____ Records for this task

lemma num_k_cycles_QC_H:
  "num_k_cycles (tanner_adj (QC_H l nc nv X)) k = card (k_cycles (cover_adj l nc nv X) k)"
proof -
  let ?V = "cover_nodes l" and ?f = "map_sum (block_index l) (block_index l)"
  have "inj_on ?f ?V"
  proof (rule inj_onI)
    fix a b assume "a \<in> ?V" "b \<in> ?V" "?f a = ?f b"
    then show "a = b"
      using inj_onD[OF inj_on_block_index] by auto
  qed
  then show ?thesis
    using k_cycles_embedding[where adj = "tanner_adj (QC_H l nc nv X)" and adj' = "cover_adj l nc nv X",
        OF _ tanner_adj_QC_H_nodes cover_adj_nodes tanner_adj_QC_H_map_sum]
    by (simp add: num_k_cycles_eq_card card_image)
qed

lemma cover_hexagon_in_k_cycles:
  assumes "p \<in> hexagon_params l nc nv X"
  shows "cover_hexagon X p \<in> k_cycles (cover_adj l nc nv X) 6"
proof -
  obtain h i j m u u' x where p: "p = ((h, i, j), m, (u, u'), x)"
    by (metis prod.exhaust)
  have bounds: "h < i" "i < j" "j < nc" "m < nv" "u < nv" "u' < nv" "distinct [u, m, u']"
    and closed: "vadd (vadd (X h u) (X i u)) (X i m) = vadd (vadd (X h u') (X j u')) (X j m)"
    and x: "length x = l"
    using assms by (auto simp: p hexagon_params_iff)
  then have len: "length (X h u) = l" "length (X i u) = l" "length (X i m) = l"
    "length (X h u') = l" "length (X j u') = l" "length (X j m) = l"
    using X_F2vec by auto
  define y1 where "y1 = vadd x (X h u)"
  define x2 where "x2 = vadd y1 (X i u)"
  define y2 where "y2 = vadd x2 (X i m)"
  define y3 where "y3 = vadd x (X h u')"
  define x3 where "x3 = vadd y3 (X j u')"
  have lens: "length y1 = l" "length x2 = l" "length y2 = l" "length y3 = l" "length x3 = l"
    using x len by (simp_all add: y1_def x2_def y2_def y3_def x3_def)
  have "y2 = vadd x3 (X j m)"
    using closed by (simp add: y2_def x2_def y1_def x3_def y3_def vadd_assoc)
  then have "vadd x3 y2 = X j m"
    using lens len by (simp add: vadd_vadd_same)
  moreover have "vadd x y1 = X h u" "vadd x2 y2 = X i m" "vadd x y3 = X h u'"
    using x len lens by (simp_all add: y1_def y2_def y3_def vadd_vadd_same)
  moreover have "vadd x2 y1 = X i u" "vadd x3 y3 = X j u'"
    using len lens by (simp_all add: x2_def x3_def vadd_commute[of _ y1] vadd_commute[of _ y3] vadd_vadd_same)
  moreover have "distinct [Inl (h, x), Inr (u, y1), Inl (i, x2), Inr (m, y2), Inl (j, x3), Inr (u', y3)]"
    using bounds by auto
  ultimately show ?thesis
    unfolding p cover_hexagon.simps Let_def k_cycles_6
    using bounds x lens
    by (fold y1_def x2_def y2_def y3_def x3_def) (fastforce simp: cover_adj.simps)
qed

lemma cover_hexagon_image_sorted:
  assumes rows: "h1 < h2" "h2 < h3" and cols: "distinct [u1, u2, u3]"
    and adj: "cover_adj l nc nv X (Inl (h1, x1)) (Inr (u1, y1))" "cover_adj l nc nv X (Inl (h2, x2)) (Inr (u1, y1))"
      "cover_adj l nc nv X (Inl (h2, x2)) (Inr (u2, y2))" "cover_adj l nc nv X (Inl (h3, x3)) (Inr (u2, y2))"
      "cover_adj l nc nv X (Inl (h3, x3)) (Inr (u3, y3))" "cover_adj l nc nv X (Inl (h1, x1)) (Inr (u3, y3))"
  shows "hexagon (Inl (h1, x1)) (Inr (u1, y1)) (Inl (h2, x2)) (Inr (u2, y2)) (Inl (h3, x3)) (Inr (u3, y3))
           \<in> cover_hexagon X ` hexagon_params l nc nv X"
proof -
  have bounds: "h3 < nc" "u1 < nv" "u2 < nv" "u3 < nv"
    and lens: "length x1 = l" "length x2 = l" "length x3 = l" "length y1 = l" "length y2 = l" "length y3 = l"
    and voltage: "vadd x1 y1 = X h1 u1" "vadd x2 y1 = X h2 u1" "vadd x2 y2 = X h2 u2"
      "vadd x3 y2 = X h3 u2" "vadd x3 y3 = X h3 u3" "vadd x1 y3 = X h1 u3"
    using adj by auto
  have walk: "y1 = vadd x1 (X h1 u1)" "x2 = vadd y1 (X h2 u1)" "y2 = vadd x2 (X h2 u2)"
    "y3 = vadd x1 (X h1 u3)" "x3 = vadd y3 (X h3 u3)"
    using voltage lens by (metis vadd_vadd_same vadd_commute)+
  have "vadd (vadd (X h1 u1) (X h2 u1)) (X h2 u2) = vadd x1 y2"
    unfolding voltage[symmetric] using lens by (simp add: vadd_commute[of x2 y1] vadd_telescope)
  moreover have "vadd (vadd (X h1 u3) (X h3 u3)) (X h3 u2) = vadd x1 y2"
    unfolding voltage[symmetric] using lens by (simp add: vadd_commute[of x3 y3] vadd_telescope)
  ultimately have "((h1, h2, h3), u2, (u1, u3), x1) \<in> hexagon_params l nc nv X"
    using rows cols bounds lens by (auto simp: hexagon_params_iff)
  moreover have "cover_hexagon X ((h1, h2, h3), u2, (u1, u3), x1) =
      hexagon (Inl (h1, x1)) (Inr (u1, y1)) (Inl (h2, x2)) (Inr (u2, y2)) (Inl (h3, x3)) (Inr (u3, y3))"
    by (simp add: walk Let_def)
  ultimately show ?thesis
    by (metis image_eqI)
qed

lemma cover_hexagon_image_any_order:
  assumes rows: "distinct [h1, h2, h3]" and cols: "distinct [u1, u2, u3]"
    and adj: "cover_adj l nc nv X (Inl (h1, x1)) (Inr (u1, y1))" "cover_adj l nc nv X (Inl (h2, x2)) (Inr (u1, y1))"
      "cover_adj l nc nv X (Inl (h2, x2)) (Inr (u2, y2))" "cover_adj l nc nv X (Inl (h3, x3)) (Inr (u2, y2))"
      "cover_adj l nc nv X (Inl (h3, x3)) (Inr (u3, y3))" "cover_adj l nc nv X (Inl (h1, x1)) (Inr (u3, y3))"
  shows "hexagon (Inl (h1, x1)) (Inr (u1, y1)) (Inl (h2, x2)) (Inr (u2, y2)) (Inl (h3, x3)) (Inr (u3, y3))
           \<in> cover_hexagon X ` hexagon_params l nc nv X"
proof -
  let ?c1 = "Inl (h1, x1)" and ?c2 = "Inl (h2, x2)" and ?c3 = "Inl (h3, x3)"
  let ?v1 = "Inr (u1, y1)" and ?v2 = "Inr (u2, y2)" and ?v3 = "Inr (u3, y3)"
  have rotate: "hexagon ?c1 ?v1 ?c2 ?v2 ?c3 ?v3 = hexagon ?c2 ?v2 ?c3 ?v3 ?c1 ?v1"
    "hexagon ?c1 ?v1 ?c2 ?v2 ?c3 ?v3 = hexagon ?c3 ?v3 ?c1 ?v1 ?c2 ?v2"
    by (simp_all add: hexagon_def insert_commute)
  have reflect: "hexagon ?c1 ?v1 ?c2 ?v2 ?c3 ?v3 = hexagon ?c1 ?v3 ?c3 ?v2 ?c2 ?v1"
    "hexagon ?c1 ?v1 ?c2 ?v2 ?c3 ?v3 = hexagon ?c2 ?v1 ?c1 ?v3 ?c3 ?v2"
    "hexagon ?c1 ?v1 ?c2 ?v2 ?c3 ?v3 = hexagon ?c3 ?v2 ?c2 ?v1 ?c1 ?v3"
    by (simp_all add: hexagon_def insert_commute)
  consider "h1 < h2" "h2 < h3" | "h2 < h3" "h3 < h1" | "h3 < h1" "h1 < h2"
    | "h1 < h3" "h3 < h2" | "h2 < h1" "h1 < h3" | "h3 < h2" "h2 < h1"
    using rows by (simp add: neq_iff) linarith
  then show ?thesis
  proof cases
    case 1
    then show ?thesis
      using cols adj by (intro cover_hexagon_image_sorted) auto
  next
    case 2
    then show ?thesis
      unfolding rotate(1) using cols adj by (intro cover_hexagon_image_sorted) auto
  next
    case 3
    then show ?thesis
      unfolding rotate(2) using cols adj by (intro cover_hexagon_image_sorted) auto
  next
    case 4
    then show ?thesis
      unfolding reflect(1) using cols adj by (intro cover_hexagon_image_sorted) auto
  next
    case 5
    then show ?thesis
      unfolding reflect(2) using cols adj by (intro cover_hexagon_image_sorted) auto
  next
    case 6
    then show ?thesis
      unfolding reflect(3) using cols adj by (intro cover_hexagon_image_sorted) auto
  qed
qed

________
____ Records for this task

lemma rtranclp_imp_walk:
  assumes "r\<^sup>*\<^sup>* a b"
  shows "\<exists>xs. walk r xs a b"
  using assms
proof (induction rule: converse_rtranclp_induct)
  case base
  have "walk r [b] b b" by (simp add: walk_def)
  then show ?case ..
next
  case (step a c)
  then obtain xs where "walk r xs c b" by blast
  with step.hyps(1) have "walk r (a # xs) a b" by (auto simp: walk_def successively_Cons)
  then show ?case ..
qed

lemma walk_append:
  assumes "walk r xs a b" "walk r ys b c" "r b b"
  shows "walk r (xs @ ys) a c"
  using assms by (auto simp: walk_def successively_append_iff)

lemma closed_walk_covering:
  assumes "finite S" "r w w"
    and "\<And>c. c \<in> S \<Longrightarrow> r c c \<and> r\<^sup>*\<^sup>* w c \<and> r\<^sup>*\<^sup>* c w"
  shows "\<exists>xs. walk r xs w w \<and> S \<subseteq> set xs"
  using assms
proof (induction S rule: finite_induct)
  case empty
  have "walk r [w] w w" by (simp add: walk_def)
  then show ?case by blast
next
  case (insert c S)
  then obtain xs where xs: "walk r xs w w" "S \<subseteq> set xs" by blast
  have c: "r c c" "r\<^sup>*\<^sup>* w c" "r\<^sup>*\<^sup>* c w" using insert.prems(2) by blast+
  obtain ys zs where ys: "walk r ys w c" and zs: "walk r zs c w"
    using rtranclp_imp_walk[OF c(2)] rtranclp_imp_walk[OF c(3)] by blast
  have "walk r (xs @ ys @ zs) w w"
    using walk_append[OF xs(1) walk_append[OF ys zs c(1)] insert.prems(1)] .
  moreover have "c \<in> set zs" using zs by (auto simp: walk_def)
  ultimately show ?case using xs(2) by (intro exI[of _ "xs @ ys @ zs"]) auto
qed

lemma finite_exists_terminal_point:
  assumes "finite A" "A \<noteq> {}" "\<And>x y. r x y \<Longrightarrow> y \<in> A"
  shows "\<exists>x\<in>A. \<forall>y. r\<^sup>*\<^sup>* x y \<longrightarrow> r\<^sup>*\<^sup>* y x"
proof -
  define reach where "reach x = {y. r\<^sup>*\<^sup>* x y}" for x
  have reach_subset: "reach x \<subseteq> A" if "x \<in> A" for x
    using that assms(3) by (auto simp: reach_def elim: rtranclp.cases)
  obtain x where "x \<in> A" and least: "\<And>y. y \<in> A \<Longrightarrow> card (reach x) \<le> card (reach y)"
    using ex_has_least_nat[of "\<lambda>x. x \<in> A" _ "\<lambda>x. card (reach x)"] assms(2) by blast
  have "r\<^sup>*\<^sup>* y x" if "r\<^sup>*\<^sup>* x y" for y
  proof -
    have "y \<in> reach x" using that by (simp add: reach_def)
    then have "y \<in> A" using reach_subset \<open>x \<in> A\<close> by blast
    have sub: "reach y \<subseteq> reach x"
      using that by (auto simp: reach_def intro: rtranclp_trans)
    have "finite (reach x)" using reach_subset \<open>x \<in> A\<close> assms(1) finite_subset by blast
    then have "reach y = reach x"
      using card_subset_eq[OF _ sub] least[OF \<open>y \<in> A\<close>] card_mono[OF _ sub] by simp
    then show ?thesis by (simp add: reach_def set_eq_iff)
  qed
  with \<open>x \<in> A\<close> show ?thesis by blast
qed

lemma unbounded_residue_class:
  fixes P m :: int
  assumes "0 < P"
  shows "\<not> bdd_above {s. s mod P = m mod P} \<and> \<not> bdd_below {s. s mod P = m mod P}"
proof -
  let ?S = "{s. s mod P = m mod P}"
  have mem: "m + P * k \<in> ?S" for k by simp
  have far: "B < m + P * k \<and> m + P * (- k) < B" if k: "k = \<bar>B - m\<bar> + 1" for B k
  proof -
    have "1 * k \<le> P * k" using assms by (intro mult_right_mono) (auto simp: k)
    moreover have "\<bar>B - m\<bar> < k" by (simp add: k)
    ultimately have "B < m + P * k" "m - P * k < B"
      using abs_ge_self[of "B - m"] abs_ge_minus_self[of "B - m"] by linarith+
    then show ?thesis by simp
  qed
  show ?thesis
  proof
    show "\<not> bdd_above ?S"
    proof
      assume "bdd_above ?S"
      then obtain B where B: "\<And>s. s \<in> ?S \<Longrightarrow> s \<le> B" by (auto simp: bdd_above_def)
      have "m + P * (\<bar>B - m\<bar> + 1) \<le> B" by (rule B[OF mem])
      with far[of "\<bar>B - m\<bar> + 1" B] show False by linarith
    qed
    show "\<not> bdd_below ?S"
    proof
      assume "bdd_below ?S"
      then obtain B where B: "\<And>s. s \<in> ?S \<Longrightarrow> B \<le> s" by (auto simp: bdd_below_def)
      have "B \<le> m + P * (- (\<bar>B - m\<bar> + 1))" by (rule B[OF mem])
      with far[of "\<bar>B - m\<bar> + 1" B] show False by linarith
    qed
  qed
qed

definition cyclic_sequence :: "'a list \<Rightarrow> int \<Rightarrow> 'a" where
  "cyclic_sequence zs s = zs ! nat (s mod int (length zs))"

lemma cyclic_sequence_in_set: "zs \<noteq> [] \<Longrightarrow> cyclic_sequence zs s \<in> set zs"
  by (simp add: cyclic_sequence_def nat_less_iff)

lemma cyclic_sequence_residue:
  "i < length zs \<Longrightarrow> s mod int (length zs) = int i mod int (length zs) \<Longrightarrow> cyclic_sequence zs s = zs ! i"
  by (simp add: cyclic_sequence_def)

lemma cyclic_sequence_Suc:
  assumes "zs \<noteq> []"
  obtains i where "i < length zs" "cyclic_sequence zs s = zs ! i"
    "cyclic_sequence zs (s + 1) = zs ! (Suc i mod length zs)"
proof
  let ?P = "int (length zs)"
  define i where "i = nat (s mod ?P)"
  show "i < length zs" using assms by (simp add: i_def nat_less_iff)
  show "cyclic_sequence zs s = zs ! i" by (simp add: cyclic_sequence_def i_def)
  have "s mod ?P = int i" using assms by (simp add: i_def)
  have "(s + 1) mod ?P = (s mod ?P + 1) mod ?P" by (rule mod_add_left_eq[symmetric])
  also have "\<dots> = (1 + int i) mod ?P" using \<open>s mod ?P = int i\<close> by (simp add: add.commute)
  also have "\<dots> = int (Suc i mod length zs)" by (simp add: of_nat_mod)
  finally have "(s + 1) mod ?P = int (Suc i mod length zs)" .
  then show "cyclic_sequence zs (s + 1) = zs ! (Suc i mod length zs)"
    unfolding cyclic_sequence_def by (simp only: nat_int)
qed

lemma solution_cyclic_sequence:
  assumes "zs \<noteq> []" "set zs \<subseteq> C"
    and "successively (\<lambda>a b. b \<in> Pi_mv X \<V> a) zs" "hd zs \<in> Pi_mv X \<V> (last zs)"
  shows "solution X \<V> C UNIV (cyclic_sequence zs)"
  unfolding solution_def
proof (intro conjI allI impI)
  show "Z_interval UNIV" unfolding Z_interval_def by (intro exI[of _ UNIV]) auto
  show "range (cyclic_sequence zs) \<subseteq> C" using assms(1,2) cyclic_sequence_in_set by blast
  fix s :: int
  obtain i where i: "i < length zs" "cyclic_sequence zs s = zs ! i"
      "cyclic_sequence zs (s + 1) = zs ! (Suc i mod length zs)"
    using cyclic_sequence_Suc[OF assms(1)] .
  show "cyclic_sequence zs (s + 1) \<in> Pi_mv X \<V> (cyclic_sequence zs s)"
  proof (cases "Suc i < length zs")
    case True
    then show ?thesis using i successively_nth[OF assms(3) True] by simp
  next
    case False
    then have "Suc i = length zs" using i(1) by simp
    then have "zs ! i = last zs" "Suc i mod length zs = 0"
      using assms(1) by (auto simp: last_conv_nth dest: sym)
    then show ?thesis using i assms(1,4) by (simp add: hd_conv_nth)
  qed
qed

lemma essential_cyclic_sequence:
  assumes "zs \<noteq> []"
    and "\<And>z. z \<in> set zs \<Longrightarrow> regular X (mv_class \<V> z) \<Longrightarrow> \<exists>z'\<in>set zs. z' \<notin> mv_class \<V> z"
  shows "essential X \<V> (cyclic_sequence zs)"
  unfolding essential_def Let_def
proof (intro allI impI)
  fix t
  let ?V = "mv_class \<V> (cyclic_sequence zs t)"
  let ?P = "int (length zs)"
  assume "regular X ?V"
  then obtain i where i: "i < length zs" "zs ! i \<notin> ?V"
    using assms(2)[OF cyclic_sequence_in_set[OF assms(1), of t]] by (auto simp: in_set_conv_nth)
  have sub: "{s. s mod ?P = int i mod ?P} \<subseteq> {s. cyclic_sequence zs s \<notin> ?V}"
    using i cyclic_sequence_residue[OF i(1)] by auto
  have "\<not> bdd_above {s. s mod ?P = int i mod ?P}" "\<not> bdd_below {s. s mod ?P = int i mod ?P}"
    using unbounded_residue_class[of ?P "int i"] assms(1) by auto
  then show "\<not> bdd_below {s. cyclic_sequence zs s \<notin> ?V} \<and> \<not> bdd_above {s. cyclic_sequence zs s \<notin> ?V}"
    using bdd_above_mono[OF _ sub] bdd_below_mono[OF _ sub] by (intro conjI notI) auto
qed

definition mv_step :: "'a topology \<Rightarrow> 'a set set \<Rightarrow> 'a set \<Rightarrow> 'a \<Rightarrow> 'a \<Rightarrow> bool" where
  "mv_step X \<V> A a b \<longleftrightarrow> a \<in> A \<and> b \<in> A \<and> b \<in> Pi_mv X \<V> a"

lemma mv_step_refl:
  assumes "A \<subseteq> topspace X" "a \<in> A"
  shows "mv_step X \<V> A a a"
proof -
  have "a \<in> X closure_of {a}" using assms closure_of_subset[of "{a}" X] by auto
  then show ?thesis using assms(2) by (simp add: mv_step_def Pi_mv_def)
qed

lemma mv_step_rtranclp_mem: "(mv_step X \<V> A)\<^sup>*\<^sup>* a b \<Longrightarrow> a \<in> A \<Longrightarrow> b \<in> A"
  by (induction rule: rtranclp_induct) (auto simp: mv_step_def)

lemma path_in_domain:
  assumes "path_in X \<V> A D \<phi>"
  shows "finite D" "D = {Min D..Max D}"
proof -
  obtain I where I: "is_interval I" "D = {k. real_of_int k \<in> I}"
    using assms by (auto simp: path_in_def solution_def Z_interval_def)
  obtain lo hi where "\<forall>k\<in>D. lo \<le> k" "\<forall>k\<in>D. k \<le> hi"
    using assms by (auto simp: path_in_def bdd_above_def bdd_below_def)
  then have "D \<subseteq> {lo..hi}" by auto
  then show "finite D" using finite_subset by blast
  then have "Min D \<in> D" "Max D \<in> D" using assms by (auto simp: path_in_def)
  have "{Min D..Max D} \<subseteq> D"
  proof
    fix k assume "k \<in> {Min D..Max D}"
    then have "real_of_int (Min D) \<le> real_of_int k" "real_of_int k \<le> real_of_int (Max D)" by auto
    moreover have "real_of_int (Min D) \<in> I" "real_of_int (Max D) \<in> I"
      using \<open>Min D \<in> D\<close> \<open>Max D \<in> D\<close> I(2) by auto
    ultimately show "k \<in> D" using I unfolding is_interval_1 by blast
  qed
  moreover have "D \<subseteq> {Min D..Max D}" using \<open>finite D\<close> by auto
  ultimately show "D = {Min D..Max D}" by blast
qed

________

Prompt:
Repeat, character for character, the lines of the material above from the line with "unfolding cyclic_sequence_def by" through the line with "unfolding solution_def".

Solution to this problem:
    unfolding cyclic_sequence_def by (simp only: nat_int)
qed

lemma solution_cyclic_sequence:
  assumes "zs \<noteq> []" "set zs \<subseteq> C"
    and "successively (\<lambda>a b. b \<in> Pi_mv X \<V> a) zs" "hd zs \<in> Pi_mv X \<V> (last zs)"
  shows "solution X \<V> C UNIV (cyclic_sequence zs)"
  unfolding solution_def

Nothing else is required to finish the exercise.